5. Design Principles and Automation
EDINET-Bench reflects key infrastructural innovations:
- Automation: The data collection, parsing, and labeling pipelines are fully automated, supporting continuous, up-to-date expansion as new EDINET reports become available.
- Modular Tooling: The edinet2dataset tool modularizes download, parsing, and conversion, supporting flexible research and reproducibility.
- Open Source and Accessibility: Complete datasets and associated code for both construction and task evaluation are published to facilitate future research.

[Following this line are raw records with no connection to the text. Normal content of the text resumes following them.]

lemma pyr_edges_subset_imp_eq:
  fixes A C :: "'n::{finite,linorder} set"
  assumes "3 \<le> CARD('n)" "A \<subseteq> inner_vertices" "C \<subseteq> inner_vertices"
    and "pyr_edges C \<subseteq> pyr_edges A"
  shows "pyr_edges C = pyr_edges A"
proof -
  obtain t :: 'n where "vmin < t" "t < vmax" using exists_inner_vertex assms(1) by blast
  then show ?thesis
    using assms card_pyr_edges by (metis card_subset_eq finite)
qed

lemma consecutive_ends_imp_eq: "consecutive S vmin vmax \<Longrightarrow> S = {vmin, vmax}"
  unfolding consecutive_def using vmin_less less_vmax by blast

lemma pyr_edges_eq_hub_if_ends:
  fixes A :: "'n::{finite,linorder} set"
  assumes A: "A \<subseteq> inner_vertices" and ends: "{vmin, vmax} \<in> pyr_edges A"
  shows "pyr_edges A = pyr_edges {}"
proof -
  obtain u v :: 'n where "{vmin, vmax} = {u, v}" "u < v"
    using ends by (rule pyr_edges_elemE)
  then have "vmin < (vmax::'n)"
    using vmin_less by (metis doubleton_eq_iff insert_absorb2 less_irrefl)
  then obtain S where "S \<in> pyr_classes A" "consecutive S vmin vmax"
    using pyr_edges_memE[OF ends] by blast
  then have "pyr_classes A = {{vmin, vmax}, - {vmin, vmax} \<union> {vmin, vmax}}"
    using pyr_classes_eq_complement[OF A] consecutive_ends_imp_eq by blast
  also have "\<dots> = pyr_classes {}"
    by (simp add: pyr_classes_hub Un_commute)
  finally show ?thesis
    by (simp add: pyr_edges_def)
qed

- Dataset: https://huggingface.co/datasets/SakanaAI/EDINET-Bench
- Data construction tool: https://github.com/SakanaAI/edinet2dataset
- Benchmark code: https://github.com/SakanaAI/EDINET-Bench
6. Impact, Limitations, and Future Directions
EDINET-Bench sets a new standard for financial analytics benchmarking by focusing on Japanese filings and decision-level evaluation with LLMs. It demonstrates that even the most advanced LLMs only slightly outperform traditional models in binary classification tasks, underscoring the need for:
- Domain-Specific Adaptation: General-purpose LLMs remain insufficient for complex financial analytics. Advances in pretraining or fine-tuning on domain data are necessary for further progress.
- Expanded Context and Multimodal Reasoning: Incorporating external knowledge bases, temporal trends, or multi-document reasoning may improve predictive accuracy, particularly for fraud detection.
- Enhanced Evaluation Paradigms: The benchmark motivates the use of rubric-based and agentic evaluation pipelines to more accurately reflect real-world analytic settings.
- Adaptive, Automated Benchmarking: The infrastructure allows for continuous, real-world performance tracking and research scalability.
7. Significance Within the Broader Research Landscape
EDINET-Bench provides the first scalable, fully-automated, challenging benchmark for Japanese corporate filings, exposing fundamental gaps in current LLM capabilities for critical financial decision-making. It serves as a reproducible, extensible platform catalyzing research on domain adaptation, multimodal analytic AI, and advanced benchmarking methodologies in finance. Its design principles and methodologies offer a template for analogous efforts in other regions or financial domains.